Torsten is an ACM Fellow, IEEE Fellow, and Member of Academia Europaea. He received the ACM Gordon Bell Prize in 2019. He is the the youngest recipient of the IEEE Sidney Fernbach Award, the oldest career award in High-Performance Computing. He was the first recipient of the ISC Jack Dongarra Award in 2023. He has received many other career awards such as ETH Zurich's Latsis Prize in 2015, the SIAM SIAG/Supercomputing Junior Scientist Prize in 2012, the best student award of the Chemnitz University of Technology in 2005, the IEEE TCSC Young Achievers in Scalable Computing Award in 2013, the IEEE TCSC Award of Excellence in 2019, and both the Young Alumni Award 2014 and the Distinguished Alumni Award in 2023 from Indiana University.

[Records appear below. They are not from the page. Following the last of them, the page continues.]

(* Let $k\ge0$, $T>0$, and let $f$ be a solution of the kinetic model on $[0,T]$ satisfying hypotheses (H0) and (H1). Let $(f_h,{\bf q}_h)$, $f_h(t)\in\mathcal G_h^k$, ${\bf q}_h(t)\in\mathcal U_h^k$, be the solution of the semi-discrete DG scheme with periodic boundary conditions. Then there is a constant $C>0$, depending only on $d$, $\Omega$, $k$, $\phi$ and $\xi_T$, such that for all $t\in[0,T]$, $$\|{\bf v}_f(t)-{\bf v}_{f_h}(t)\|_{L^\infty(\Omega)}\le C\,\|f(t)-f_h(t)\|_{L^2(\Omega\times\mathbb S^{d-1})}.$$
   Context: Setting. Let $d\ge 2$, let $\Omega\subset\mathbb R^d$ be a box with periodic boundary conditions (identified with a flat torus; distances $|{\bf x}-{\bf x}'|$ are periodic distances), and let $\mathbb S^{d-1}$ be the unit sphere; $\nabla_{\bf v}$, ${\rm div}_{\bf v}$ denote the tangential gradient and divergence on $\mathbb S^{d-1}$, and $P_{{\bf v}^\perp}=\mathrm{Id}-{\bf v}\otimes{\bf v}$. Fix $\nu>0$ and nonnegative kernels $k,\phi$ satisfying (H0): $k,\phi\in\mathcal C^p_c([0,\infty))$ with $p\ge 2$. Kinetic model: $\partial_t f+{\bf v}\cdot\nabla_{\bf x} f=-{\rm div}_{\bf v}\big[P_{{\bf v}^\perp}{\bf v}_f\,f-\nu\nabla_{\bf v} f\big]$, with ${\bf v}_f=(\mathbf J_f+\mathbf R_f)/|\mathbf J_f+\mathbf R_f|$, $\mathbf J_f(t,{\bf x})=\int_{\Omega\times\mathbb S^{d-1}}k(|{\bf x}-{\bf x}'|)\,{\bf v}'f(t,{\bf x}',{\bf v}')\,d{\bf x}'d{\bf v}'$, $\mathbf R_f(t,{\bf x})=-\nabla_{\bf x}\int_{\Omega\times\mathbb S^{d-1}}\phi(|{\bf x}-{\bf x}'|)f(t,{\bf x}',{\bf v}')\,d{\bf x}'d{\bf v}'$. Hypothesis (H1): there is $\xi_T>0$ with $|\mathbf J_f(t,{\bf x})+\mathbf R_f(t,{\bf x})|\ge\xi_T$ for all $(t,{\bf x})\in[0,T]\times\Omega$. Mesh: $\mathcal T_h^{\bf x}=\{K_{\bf x}\}$ is a shape-regular partition of $\Omega$ into Cartesian cells (compatible with periodicity), $\mathcal T_h^{\bf v}=\{K_{\bf v}\}$ a shape-regular partition of $\mathbb S^{d-1}$ into cells, $\mathcal T_h=\{K=K_{\bf x}\times K_{\bf v}\}$, with mesh size $h$. Faces: $\mathcal E_{\bf x}=\{\sigma_{\bf x}\times K_{\bf v}:\sigma_{\bf x}\subset\partial K_{\bf x}\}$, $\mathcal E_{\bf v}=\{K_{\bf x}\times\sigma_{\bf v}:\sigma_{\bf v}\subset\partial K_{\bf v}\}$. Spaces: $\mathcal G_h^k=\{g\in L^2(\Omega\times\mathbb S^{d-1}): g|_K\in P^k(K)\ \forall K\in\mathcal T_h\}$ ($P^k$ = polynomials of total degree $\le k$), and $\mathcal U_h^k$ the corresponding space of vector fields with each component piecewise in $P^k$. For a face $\sigma$ shared by cells $K^-$ and $K^+$, with traces $g^\pm$ from $K^\pm$ and ${\bf n}$ the unit normal on $\sigma$ pointing from $K^-$ to $K^+$ (${\bf n}_{\bf x}$ for $\sigma\in\mathcal E_{\bf x}$, ${\bf n}_{\bf v}$ for $\sigma\in\mathcal E_{\bf v}$): $[g]=g^+-g^-$, $\{g\}=\tfrac12(g^++g^-)$ (written $[\cdot]_{\bf x},\{\cdot\}_{\bf x}$ or $[\cdot]_{\bf v},\{\cdot\}_{\bf v}$). Volume integrals of derivatives of piecewise functions are taken cellwise. Discrete velocity: $\rho_h=\int_{\mathbb S^{d-1}}f_h\,d{\bf v}$, $\rho_h{\bf u}_h=\int_{\mathbb S^{d-1}}{\bf v} f_h\,d{\bf v}$, $\mathbf J_h(t,{\bf x})=\int_\Omega k(|{\bf x}-{\bf x}'|)\rho_h{\bf u}_h(t,{\bf x}')d{\bf x}'$, $\mathbf R_h(t,{\bf x})=-\int_\Omega\nabla_{\bf x}[\phi(|{\bf x}-{\bf x}'|)]\rho_h(t,{\bf x}')d{\bf x}'$, ${\bf v}_{f_h}=(\mathbf J_h+\mathbf R_h)/|\mathbf J_h+\mathbf R_h|$ (it is assumed $\mathbf J_h+\mathbf R_h\neq0$). Fluxes (with constants $C_{11},C_{22}>0$): $\widehat{f_h{\bf v}}\cdot{\bf n}_{\bf x}={\bf v}\cdot{\bf n}_{\bf x}\{f_h\}_{\bf x}-\tfrac12|{\bf v}\cdot{\bf n}_{\bf x}|[f_h]_{\bf x}$; $\widehat{f_hP_{{\bf v}^\perp}{\bf v}_{f_h}}\cdot{\bf n}_{\bf v}=P_{{\bf v}^\perp}{\bf v}_{f_h}\cdot{\bf n}_{\bf v}\{f_h\}_{\bf v}-\tfrac12|P_{{\bf v}^\perp}{\bf v}_{f_h}\cdot{\bf n}_{\bf v}|[f_h]_{\bf v}$; $\widehat{{\bf q}_h}\cdot{\bf n}_{\bf v}=\{{\bf q}_h\}_{\bf v}\cdot{\bf n}_{\bf v}+\tfrac{C_{11}}2[f_h]_{\bf v}$; $\widehat{f_h}{\bf n}_{\bf v}=\{f_h\}_{\bf v}{\bf n}_{\bf v}+\tfrac{C_{22}}2[{\bf q}_h]_{\bf v}$. Semi-discrete DG scheme: $f_h(t)\in\mathcal G_h^k$, ${\bf q}_h(t)\in\mathcal U_h^k$ satisfy, for all $g\in\mathcal G_h^k$ and ${\bf u}\in\mathcal U_h^k$, $\int\!\big(\partial_tf_h\,g-f_h{\bf v}\cdot\nabla_{\bf x}g\big)-\int\!\big(P_{{\bf v}^\perp}{\bf v}_{f_h}f_h-\nu{\bf q}_h\big)\cdot\nabla_{\bf v}g-\sum_{\sigma\in\mathcal E_{\bf x}}\int_\sigma\widehat{f_h{\bf v}}\cdot{\bf n}_{\bf x}[g]_{\bf x}-\sum_{\sigma\in\mathcal E_{\bf v}}\int_\sigma\big(\widehat{f_hP_{{\bf v}^\perp}{\bf v}_{f_h}}-\nu\widehat{{\bf q}_h}\big)\cdot{\bf n}_{\bf v}[g]_{\bf v}=0,$ $\int\!\big({\bf q}_h\cdot{\bf u}+f_h\,{\rm div}_{\bf v}{\bf u}\big)+\sum_{\sigma\in\mathcal E_{\bf v}}\int_\sigma\widehat{f_h}{\bf n}_{\bf v}\cdot[{\bf u}]_{\bf v}=0,$ where unlabeled volume integrals are over $\Omega\times\mathbb S^{d-1}$. *)

theory Defs
  imports "HOL-Analysis.Analysis"
begin

text \<open>Periodic box Omega = [0,L_1) x ... x [0,L_d), identified with a flat torus.\<close>
definition torus_box :: "real^'n \<Rightarrow> (real^'n) set" where
  "torus_box L = {x. \<forall>i. 0 \<le> x$i \<and> x$i < L$i}"

definition per1 :: "real \<Rightarrow> real \<Rightarrow> real" where
  "per1 l a = \<bar>a - l * of_int (round (a / l))\<bar>"
text \<open>A twin-free side is determined by its traces on the other side.\<close>

lemma card_twin_free_side_le:
  assumes bip: "bipartite_graph V E X Y"
    and twin_free: "\<And>x x'. x \<in> X \<Longrightarrow> x' \<in> X \<Longrightarrow> twins E x x' \<Longrightarrow> x = x'"
    and "nbhd_complexity V E (card Y) \<le> r * card Y"
  shows "card X \<le> r * card Y"
proof -
  have XY: "X \<subseteq> V" "Y \<subseteq> V" using bipartite_graph_finite_subsets[OF bip] by simp_all
  have "inj_on (\<lambda>x. nbhd E x \<inter> Y) X"
  proof (rule inj_onI)
    fix x x' assume "x \<in> X" "x' \<in> X" "nbhd E x \<inter> Y = nbhd E x' \<inter> Y"
    moreover have "nbhd E x \<subseteq> Y" "nbhd E x' \<subseteq> Y"
      using \<open>x \<in> X\<close> \<open>x' \<in> X\<close> bipartite_graph_nbhd_subset[OF bipartite_graph_swap[OF bip]] by blast+
    ultimately show "x = x'" using twin_free unfolding twins_def by (metis inf.absorb1)
  qed
  then have "card X = card ((\<lambda>x. nbhd E x \<inter> Y) ` X)" by (simp add: card_image)
  also have "\<dots> \<le> r * card Y"
    using bipartite_graph_card_traces_le[OF bip XY(1) XY(2)] assms(3) by blast
  finally show ?thesis .
qed

lemma le_mult_of_real_divide_le:
  fixes n l k :: nat
  assumes "l > 0" and "real n / real l \<le> real k"
  shows "n \<le> l * k"
proof -
  have "real n \<le> real k * real l" using assms by (simp add: divide_le_eq)
  then show ?thesis by (simp flip: of_nat_mult add: mult.commute)
qed

lemma bipartite_near_twins_exist:
  assumes bip: "bipartite_graph V E X Y" and "r > 0"
    and complexity: "\<And>m. m > 0 \<Longrightarrow> nbhd_complexity V E m \<le> r * m"
    and "Y' \<subseteq> Y" and "card Y' \<ge> 2" and large: "32 * r * r * card X \<le> (\<delta> + 1) * card Y'"
  shows "\<exists>u\<in>Y'. \<exists>v\<in>Y'. u \<noteq> v \<and> near_twins E \<delta> u v"
proof (rule ccontr)
  assume no_near_twins: "\<not> ?thesis"
  note V = bipartite_graph_finite_subsets[OF bip]
  have "(\<delta> + 1) * card Y' < 32 * r * r * card X"
  proof (rule separated_family_card_bound)
    show finX: "finite X" by (rule rev_finite_subset[OF V(1,2)])
    show "finite Y'" using \<open>Y' \<subseteq> Y\<close> V(3) by (intro rev_finite_subset[OF V(1)]) (rule order.trans)
    show "nbhd E y \<subseteq> X" if "y \<in> Y'" for y
      using that \<open>Y' \<subseteq> Y\<close> bipartite_graph_nbhd_subset[OF bip] by blast
    show "\<delta> < card (sym_diff (nbhd E y) (nbhd E y'))" if "y \<in> Y'" "y' \<in> Y'" "y \<noteq> y'" for y y'
      using no_near_twins that unfolding near_twins_def by (meson not_le)
    show "card ((\<lambda>y. nbhd E y \<inter> A) ` Y') \<le> r * card A" if "A \<subseteq> X" "A \<noteq> {}" for A
    proof (rule bipartite_graph_card_traces_le[OF bip])
      show "Y' \<subseteq> V" "A \<subseteq> V" using that V \<open>Y' \<subseteq> Y\<close> by blast+
      have "card A > 0" using that rev_finite_subset[OF finX that(1)] by (simp add: card_gt_0_iff)
      then show "nbhd_complexity V E (card A) \<le> r * card A" by (rule complexity)
    qed
  qed (use assms in auto)
  with large show False by simp
qed

theorem lemma3p1:
  fixes r l :: nat
  assumes "r > 0" and "l > 0"
  shows "\<exists>\<delta>::nat. \<forall>(V::'a set) E X Y.
     bipartite_graph V E X Y \<longrightarrow>
     (\<forall>x\<in>X. \<forall>x'\<in>X. x \<noteq> x' \<longrightarrow> \<not> twins E x x') \<longrightarrow>
     (\<forall>m::nat. m > 0 \<longrightarrow> nbhd_complexity V E m \<le> r * m) \<longrightarrow>
     (\<forall>Y'. Y' \<subseteq> Y \<and> card Y' \<ge> 2 \<and> real (card Y') \<ge> real (card Y) / real l \<longrightarrow>
        (\<exists>u\<in>Y'. \<exists>v\<in>Y'. u \<noteq> v \<and> near_twins E \<delta> u v))"
proof (intro exI[of _ "32 * r * r * r * l"] allI impI)
  fix V :: "'a set" and E X Y Y'
  assume bip: "bipartite_graph V E X Y"
    and twin_free: "\<forall>x\<in>X. \<forall>x'\<in>X. x \<noteq> x' \<longrightarrow> \<not> twins E x x'"
    and complexity: "\<forall>m::nat. m > 0 \<longrightarrow> nbhd_complexity V E m \<le> r * m"
    and Y': "Y' \<subseteq> Y \<and> card Y' \<ge> 2 \<and> real (card Y') \<ge> real (card Y) / real l"
  have "finite Y" using bipartite_graph_finite_subsets[OF bip] by (metis rev_finite_subset)
  then have "card Y \<ge> 2" using Y' card_mono[of Y Y'] by linarith
  then have "card X \<le> r * card Y"
    using twin_free complexity by (intro card_twin_free_side_le[OF bip]) auto
  moreover have "card Y \<le> l * card Y'" using Y' \<open>l > 0\<close> by (intro le_mult_of_real_divide_le) auto
  ultimately have "card X \<le> r * (l * card Y')" by (meson le_trans mult_le_mono2)
  then have "32 * r * r * card X \<le> (32 * r * r * r * l + 1) * card Y'"
    by (rule order.trans[OF mult_le_mono2]) (simp add: algebra_simps)
  then show "\<exists>u\<in>Y'. \<exists>v\<in>Y'. u \<noteq> v \<and> near_twins E (32 * r * r * r * l) u v"
    using Y' complexity by (intro bipartite_near_twins_exist[OF bip \<open>r > 0\<close>]) auto
qed
text \<open>For k \<le> i, -e_k violates only x_k \<ge> 0: its pairing with nu is alpha \<ge> 0.\<close>

lemma witness_unit_low:
  assumes "k \<in> {1..i}" "i + 2 \<le> n"
  defines "p \<equiv> (\<lambda>m. - unitvec k m)"
  shows "p \<in> ambient n \<and> (\<forall>b\<in>normals n i - {unitvec k}. p \<in> halfspace n b) \<and> p \<notin> halfspace n (unitvec k)"
proof (intro conjI)
  have k: "k \<in> {1..n}" using assms by auto
  show amb: "p \<in> ambient n" using unitvec_ambient[OF k] unfolding p_def ambient_def by simp
  have "(\<Sum>m=1..n. nu n i m * p m) = - nu n i k"
    unfolding p_def using dot_unitvec[OF k, of "nu n i"] by (simp add: sum_negf)
  then show "\<forall>b\<in>normals n i - {unitvec k}. p \<in> halfspace n b"
    using amb assms by (intro in_other_halfspaces) (auto simp: nu_def p_def unitvec_def)
  show "p \<notin> halfspace n (unitvec k)"
    using halfspace_unitvec_iff[OF k] by (simp add: p_def unitvec_def)
qed

lemma witness_unit_high:
  assumes "k \<in> {i+1..n}" "i + 2 \<le> n"
  defines "m0 \<equiv> (if k = n then n - 1 else n)"
  defines "p \<equiv> (\<lambda>m. unitvec m0 m - unitvec k m)"
  shows "p \<in> ambient n \<and> (\<forall>b\<in>normals n i - {unitvec k}. p \<in> halfspace n b) \<and> p \<notin> halfspace n (unitvec k)"
proof (intro conjI)
  have k: "k \<in> {1..n}" and m0: "m0 \<in> {i+1..n}" "m0 \<noteq> k" and m0_range: "m0 \<in> {1..n}"
    using assms unfolding m0_def by auto
  show amb: "p \<in> ambient n"
    using k m0 unfolding p_def ambient_def unitvec_def by auto
  \<comment> \<open>p moves weight between two of the last n-i coordinates, so <nu,p> = beta - beta = 0\<close>
  have "(\<Sum>m=1..n. nu n i m * p m) = nu n i m0 - nu n i k"
    unfolding p_def right_diff_distrib sum_subtractf dot_unitvec[OF k] dot_unitvec[OF m0_range] ..
  then show "\<forall>b\<in>normals n i - {unitvec k}. p \<in> halfspace n b"
    using amb k m0 by (intro in_other_halfspaces) (auto simp: nu_def p_def unitvec_def)
  show "p \<notin> halfspace n (unitvec k)"
    using halfspace_unitvec_iff[OF k] m0 by (simp add: p_def unitvec_def)
qed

He has published more than 300 papers in peer-reviewed international conferences and journals and co-authored the the MPI 3 specification. He has received six best paper awards at the ACM/IEEE Supercomputing Conference in 2010, 2013, 2014, 2019, 2022, and 2023 (SC10, SC13, SC14, SC19, SC22, SC23). Other best paper awards include IPDPS'15, ACM HPDC'15 and HPDC'16, ACM OOPSLA'16, and other conferences. Torsten was elected into the first steering committee of ACM's SIGHPC in 2013 and he was re-elected in 2016, 2019, and 2022. His Erd??s number is two (via Amnon Barak) and he is an academic descendant of Hermann von Helmholtz.
Torsten has served as the lead for performance modeling and analysis in the US NSF Blue Waters project at NCSA/UIUC. Since 2013, he is professor of computer science at ETH Zurich and has held visiting positions at Argonne National Laboratories, Sandia National Laboratories, and Microsoft in Redmond.
Dr. Hoefler's research aims at understanding the performance of parallel computing systems ranging from parallel computer architecture through parallel programming to parallel algorithms. He is also active in the application areas of Weather and Climate simulations as well as Machine Learning with a focus on Distributed Deep Learning. In those areas, he has coordinated tens of funded projects and both an ERC Starting Grant and an ERC Consolidator Grant on Data-Centric Parallel Programming.